#### Data listing

(* Assume $W$ satisfies conditions (i), (ii) and (iv) below on $[0,T]$. Then for all $0\le t_0<t_1\le t_2<t_3\le T$, $$\lim_{n\to\infty}\sum_{j=\lfloor nt_0/2\rfloor+1}^{\lfloor nt_1/2\rfloor}\ \sum_{k=\lfloor nt_2/2\rfloor+1}^{\lfloor nt_3/2\rfloor}\Big|\beta_n(2j-1,2k-1)^2-\beta_n(2j-1,2k-2)^2-\beta_n(2j-2,2k-1)^2+\beta_n(2j-2,2k-2)^2\Big|=0.$$
   Context: $W=\{W_t,t\ge0\}$ is a centered Gaussian process with continuous covariance, and $\beta_n(j,k)=\mathbb E[(W_{(j+1)/n}-W_{j/n})(W_{(k+1)/n}-W_{k/n})]$. (The summand equals $|\langle\partial_{\frac{2j-1}{n}}^{\otimes2}-\partial_{\frac{2j-2}{n}}^{\otimes2},\partial_{\frac{2k-1}{n}}^{\otimes2}-\partial_{\frac{2k-2}{n}}^{\otimes2}\rangle_{\mathfrak H^{\otimes2}}|$ with $\partial_{j/n}=\mathbf 1_{[j/n,(j+1)/n]}$.) Conditions (constants may depend on $T$): (i) $\mathbb E[(W_t-W_{t-s})^2]\le C_1 s^{1/2}$ for $0<s\le t\le T$. (ii) There are $1<\alpha\le3/2$, $\beta=\frac32-\alpha$ such that for $s>0$, $2s\le r,t\le T$, $|t-r|\ge2s$: $|\mathbb E[(W_t-W_{t-s})(W_r-W_{r-s})]|\le C_1s^2|t-r|^{-\alpha}(t\wedge r-s)^{-\beta}+C_1s^2|t-r|^{-3/2}$. (iv) For $0<s\le t\le T-s$: $|\mathbb E[W_t(W_{t+s}-W_{t-s})]|\le C_3s^{1/2}$ if $t<2s$ and $\le C_3s(t-s)^{-1/2}$ if $t\ge2s$; for $0<s\le r\le T$: $|\mathbb E[W_r(W_{t+s}-W_{t-s})]|\le C_3s^{1/2}$ if $t<2s$ or $|t-r|<2s$, and $\le C_3s(t-s)^{-1/2}+C_3s|t-r|^{-1/2}$ if $t\ge2s$ and $|t-r|\ge2s$; and for $t>2s$: $|\mathbb E[W_s(W_t-W_{t-s})]|\le C_3s^{1/2+\gamma}(t-2s)^{-\gamma}$ for some $\gamma>0$. *)

theory Defs
  imports "HOL-Probability.Probability"
begin

definition gaussian_rv :: "'a measure \<Rightarrow> ('a \<Rightarrow> real) \<Rightarrow> bool" where
  "gaussian_rv M X \<longleftrightarrow> X \<in> borel_measurable M \<and>
     ((\<exists>\<mu> \<sigma>. \<sigma> > 0 \<and> distributed M lborel X (\<lambda>x. ennreal (normal_density \<mu> \<sigma> x)))
      \<or> (\<exists>c. distr M borel X = return borel c))"

definition cov :: "'a measure \<Rightarrow> (real \<Rightarrow> 'a \<Rightarrow> real) \<Rightarrow> real \<Rightarrow> real \<Rightarrow> real" where
  "cov M W s t = integral\<^sup>L M (\<lambda>\<omega>. W s \<omega> * W t \<omega>)"

definition centered_gaussian_process :: "'a measure \<Rightarrow> (real \<Rightarrow> 'a \<Rightarrow> real) \<Rightarrow> bool" where
  "centered_gaussian_process M W \<longleftrightarrow>
     prob_space M \<and>
     (\<forall>F a. finite F \<and> F \<subseteq> {0..} \<longrightarrow> gaussian_rv M (\<lambda>\<omega>. \<Sum>t\<in>F. a t * W t \<omega>)) \<and>
     (\<forall>t\<ge>0. integral\<^sup>L M (W t) = 0) \<and>
     continuous_on ({0..} \<times> {0..}) (\<lambda>(s, t). cov M W s t)"

definition beta_n :: "'a measure \<Rightarrow> (real \<Rightarrow> 'a \<Rightarrow> real) \<Rightarrow> nat \<Rightarrow> nat \<Rightarrow> nat \<Rightarrow> real" where
  "beta_n M W n j k = integral\<^sup>L M (\<lambda>\<omega>.
      (W ((real j + 1) / real n) \<omega> - W (real j / real n) \<omega>) *
      (W ((real k + 1) / real n) \<omega> - W (real k / real n) \<omega>))"

definition cond_i :: "'a measure \<Rightarrow> (real \<Rightarrow> 'a \<Rightarrow> real) \<Rightarrow> real \<Rightarrow> bool" where
  "cond_i M W T \<longleftrightarrow> (\<exists>C1>0. \<forall>s t. 0 < s \<and> s \<le> t \<and> t \<le> T \<longrightarrow>
      integral\<^sup>L M (\<lambda>\<omega>. (W t \<omega> - W (t - s) \<omega>)\<^sup>2) \<le> C1 * s powr (1/2))"

definition cond_ii :: "'a measure \<Rightarrow> (real \<Rightarrow> 'a \<Rightarrow> real) \<Rightarrow> real \<Rightarrow> bool" where
  "cond_ii M W T \<longleftrightarrow> (\<exists>C1>0. \<exists>\<alpha>. 1 < \<alpha> \<and> \<alpha> \<le> 3/2 \<and>
     (\<forall>s r t. 0 < s \<and> 2 * s \<le> r \<and> r \<le> T \<and> 2 * s \<le> t \<and> t \<le> T \<and> \<bar>t - r\<bar> \<ge> 2 * s \<longrightarrow>
        \<bar>integral\<^sup>L M (\<lambda>\<omega>. (W t \<omega> - W (t - s) \<omega>) * (W r \<omega> - W (r - s) \<omega>))\<bar>
          \<le> C1 * s\<^sup>2 * \<bar>t - r\<bar> powr (-\<alpha>) * (min t r - s) powr (-(3/2 - \<alpha>))
             + C1 * s\<^sup>2 * \<bar>t - r\<bar> powr (-(3/2))))"

definition cond_iv :: "'a measure \<Rightarrow> (real \<Rightarrow> 'a \<Rightarrow> real) \<Rightarrow> real \<Rightarrow> bool" where
  "cond_iv M W T \<longleftrightarrow> (\<exists>C3>0. \<exists>\<gamma>>0.
     (\<forall>s t. 0 < s \<and> s \<le> t \<and> t \<le> T - s \<longrightarrow>
        \<bar>integral\<^sup>L M (\<lambda>\<omega>. W t \<omega> * (W (t + s) \<omega> - W (t - s) \<omega>))\<bar>
          \<le> (if t < 2 * s then C3 * s powr (1/2) else C3 * s * (t - s) powr (-(1/2)))) \<and>
     (\<forall>s t r. 0 < s \<and> s \<le> t \<and> t \<le> T - s \<and> s \<le> r \<and> r \<le> T \<longrightarrow>
        \<bar>integral\<^sup>L M (\<lambda>\<omega>. W r \<omega> * (W (t + s) \<omega> - W (t - s) \<omega>))\<bar>
          \<le> (if t < 2 * s \<or> \<bar>t - r\<bar> < 2 * s then C3 * s powr (1/2)
              else C3 * s * (t - s) powr (-(1/2)) + C3 * s * \<bar>t - r\<bar> powr (-(1/2)))) \<and>
     (\<forall>s t. 0 < s \<and> 2 * s < t \<and> t \<le> T \<longrightarrow>
        \<bar>integral\<^sup>L M (\<lambda>\<omega>. W s \<omega> * (W t \<omega> - W (t - s) \<omega>))\<bar>
          \<le> C3 * s powr (1/2 + \<gamma>) * (t - 2 * s) powr (-\<gamma>)))"

end

theory Submission
  imports Defs "HOL-Real_Asymp.Real_Asymp"
begin

(* Proof of Lemma 6.1.  Write a = 2j-p, b = 2k-q with p, q in {1,2}.  Each summand is at most
   the sum of the four squares, so the double sum is bounded by the four block sums
     G(p,q) = sum_j sum_k beta_n(2j-p, 2k-q)^2,
   and it suffices to show G(p,q) = O(n^(-1/2)).  Only conditions (i) and (ii) are needed.

   * Condition (i) gives |beta_n(a,b)| <= C1/sqrt n; condition (ii) gives
     |beta_n(a,b)| <= 2C/(sqrt n |b-a|) when a, b >= 1 and |b-a| >= 2.  Hence for a >= 1
     and j < k, beta_n(2j-p,2k-q)^2 <= K/(n (k-j)^2).  Summing the tail
     sum_k 1/(k-j)^2 <= 2/(j1+1-j) and then the harmonic sum sum_{i<=j1} 1/i <= 2 sqrt(nT)
     bounds all rows with a >= 1 by O(n^(-1/2)).
   * The row a = 0 (j = 1, p = 2) is not covered by (ii).  There a Bessel-type inequality
     is used: the Gram matrix of the increments Delta_{2k-q} has row sums bounded
     independently of n (diagonal by (i), off-diagonal by (ii) and
     sum_{k'} 1/|k-k'| = O(sqrt n)), so sum_k E[Delta_0 Delta_{2k-q}]^2 <= R E[Delta_0^2]
     = O(n^(-1/2)). *)

text \<open>A (possibly degenerate) Gaussian variable has a finite second moment; this is the only
  consequence of Gaussianity that the proof uses.\<close>
lemma integrable_square_gaussian_rv:
  assumes "gaussian_rv M X"
  shows "integrable M (\<lambda>\<omega>. (X \<omega>)\<^sup>2)"
proof -
  have [measurable]: "X \<in> borel_measurable M" using assms unfolding gaussian_rv_def by auto
  from assms consider (normal) \<mu> \<sigma> where "\<sigma> > 0"
      "distributed M lborel X (\<lambda>x. ennreal (normal_density \<mu> \<sigma> x))"
    | (degenerate) c where "distr M borel X = return borel c"
    unfolding gaussian_rv_def by blast
  then show ?thesis
  proof cases
    case normal
    have "integrable lborel (\<lambda>x. normal_density \<mu> \<sigma> x * ((x - \<mu>)^2 + 2*\<mu>*(x-\<mu>) + \<mu>^2))"
      using integrable_normal_moment[of \<sigma> \<mu> 2] integrable_normal_moment[of \<sigma> \<mu> 1]
        integrable_normal_moment[of \<sigma> \<mu> 0] normal(1)
      by (simp add: distrib_left mult.left_commute[of _ "2*\<mu>"] mult.commute[of _ "\<mu>^2"])
    moreover have "\<And>x. (x - \<mu>)^2 + 2*\<mu>*(x-\<mu>) + \<mu>^2 = x^2"
      by (simp add: power2_eq_square algebra_simps)
    ultimately have "integrable lborel (\<lambda>x. normal_density \<mu> \<sigma> x * x^2)" by simp
    then show ?thesis
      using distributed_integrable[OF normal(2), of "\<lambda>x. x^2"] by (simp add: normal_density_nonneg)
  next
    case degenerate
    have "integrable (return borel c) (\<lambda>x::real. x^2)"
      unfolding integrable_iff_bounded by (simp add: nn_integral_return)
    then have "integrable (distr M borel X) (\<lambda>x::real. x^2)" using degenerate by simp
    then show ?thesis by (subst (asm) integrable_distr_eq) auto
  qed
qed

lemma weighted_abs_mult_le:
  fixes a b l :: real
  assumes "l > 0"
  shows "\<bar>a * b\<bar> \<le> (l * a\<^sup>2 + b\<^sup>2 / l) / 2"
proof -
  have "2 * (l * \<bar>a\<bar>) * \<bar>b\<bar> \<le> (l * \<bar>a\<bar>)\<^sup>2 + \<bar>b\<bar>\<^sup>2" by (rule sum_squares_bound)
  then have "l * (2 * \<bar>a * b\<bar>) \<le> l * (l * a\<^sup>2 + b\<^sup>2 / l)"
    using assms by (simp add: power2_eq_square abs_mult algebra_simps)
  then show ?thesis using assms by simp
qed

lemma integrable_mult_square_integrable:
  fixes f g :: "'a \<Rightarrow> real"
  assumes [measurable]: "f \<in> borel_measurable M" "g \<in> borel_measurable M"
    and "integrable M (\<lambda>x. (f x)\<^sup>2)" and "integrable M (\<lambda>x. (g x)\<^sup>2)"
  shows "integrable M (\<lambda>x. f x * g x)"
proof (rule Bochner_Integration.integrable_bound)
  show "integrable M (\<lambda>x. (1 * (f x)\<^sup>2 + (g x)\<^sup>2 / 1) / 2)" using assms by simp
  show "AE x in M. norm (f x * g x) \<le> norm ((1 * (f x)\<^sup>2 + (g x)\<^sup>2 / 1) / 2)"
    using weighted_abs_mult_le[of 1] by simp
qed simp

text \<open>The weighted AM-GM bound for \<open>E[fg]\<close>; it replaces Cauchy-Schwarz and avoids square roots.\<close>
lemma abs_integral_mult_le:
  fixes f g :: "'a \<Rightarrow> real"
  assumes [measurable]: "f \<in> borel_measurable M" "g \<in> borel_measurable M"
    and f2: "integrable M (\<lambda>x. (f x)\<^sup>2)" and g2: "integrable M (\<lambda>x. (g x)\<^sup>2)" and "l > 0"
  shows "\<bar>integral\<^sup>L M (\<lambda>x. f x * g x)\<bar>
    \<le> (l * integral\<^sup>L M (\<lambda>x. (f x)\<^sup>2) + integral\<^sup>L M (\<lambda>x. (g x)\<^sup>2) / l) / 2"
proof -
  have "\<bar>integral\<^sup>L M (\<lambda>x. f x * g x)\<bar> \<le> integral\<^sup>L M (\<lambda>x. \<bar>f x * g x\<bar>)"
    by (rule Bochner_Integration.integral_abs_bound)
  also have "\<dots> \<le> integral\<^sup>L M (\<lambda>x. (l * (f x)\<^sup>2 + (g x)\<^sup>2 / l) / 2)"
    using integrable_mult_square_integrable[OF assms(1-4)] f2 g2 weighted_abs_mult_le[OF \<open>l > 0\<close>]
    by (intro Bochner_Integration.integral_mono) auto
  also have "\<dots> = (l * integral\<^sup>L M (\<lambda>x. (f x)\<^sup>2) + integral\<^sup>L M (\<lambda>x. (g x)\<^sup>2) / l) / 2"
    using f2 g2 by simp
  finally show ?thesis .
qed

########

Among the records above, only the lines between the line holding "((\<exists>\<mu> \<sigma>. \<sigma>" and the line holding "- s) \<omega>)\<^sup>2)", inclusive, are to be output, exactly as written.

     ((\<exists>\<mu> \<sigma>. \<sigma> > 0 \<and> distributed M lborel X (\<lambda>x. ennreal (normal_density \<mu> \<sigma> x)))
      \<or> (\<exists>c. distr M borel X = return borel c))"

definition cov :: "'a measure \<Rightarrow> (real \<Rightarrow> 'a \<Rightarrow> real) \<Rightarrow> real \<Rightarrow> real \<Rightarrow> real" where
  "cov M W s t = integral\<^sup>L M (\<lambda>\<omega>. W s \<omega> * W t \<omega>)"

definition centered_gaussian_process :: "'a measure \<Rightarrow> (real \<Rightarrow> 'a \<Rightarrow> real) \<Rightarrow> bool" where
  "centered_gaussian_process M W \<longleftrightarrow>
     prob_space M \<and>
     (\<forall>F a. finite F \<and> F \<subseteq> {0..} \<longrightarrow> gaussian_rv M (\<lambda>\<omega>. \<Sum>t\<in>F. a t * W t \<omega>)) \<and>
     (\<forall>t\<ge>0. integral\<^sup>L M (W t) = 0) \<and>
     continuous_on ({0..} \<times> {0..}) (\<lambda>(s, t). cov M W s t)"

definition beta_n :: "'a measure \<Rightarrow> (real \<Rightarrow> 'a \<Rightarrow> real) \<Rightarrow> nat \<Rightarrow> nat \<Rightarrow> nat \<Rightarrow> real" where
  "beta_n M W n j k = integral\<^sup>L M (\<lambda>\<omega>.
      (W ((real j + 1) / real n) \<omega> - W (real j / real n) \<omega>) *
      (W ((real k + 1) / real n) \<omega> - W (real k / real n) \<omega>))"

definition cond_i :: "'a measure \<Rightarrow> (real \<Rightarrow> 'a \<Rightarrow> real) \<Rightarrow> real \<Rightarrow> bool" where
  "cond_i M W T \<longleftrightarrow> (\<exists>C1>0. \<forall>s t. 0 < s \<and> s \<le> t \<and> t \<le> T \<longrightarrow>
      integral\<^sup>L M (\<lambda>\<omega>. (W t \<omega> - W (t - s) \<omega>)\<^sup>2) \<le> C1 * s powr (1/2))"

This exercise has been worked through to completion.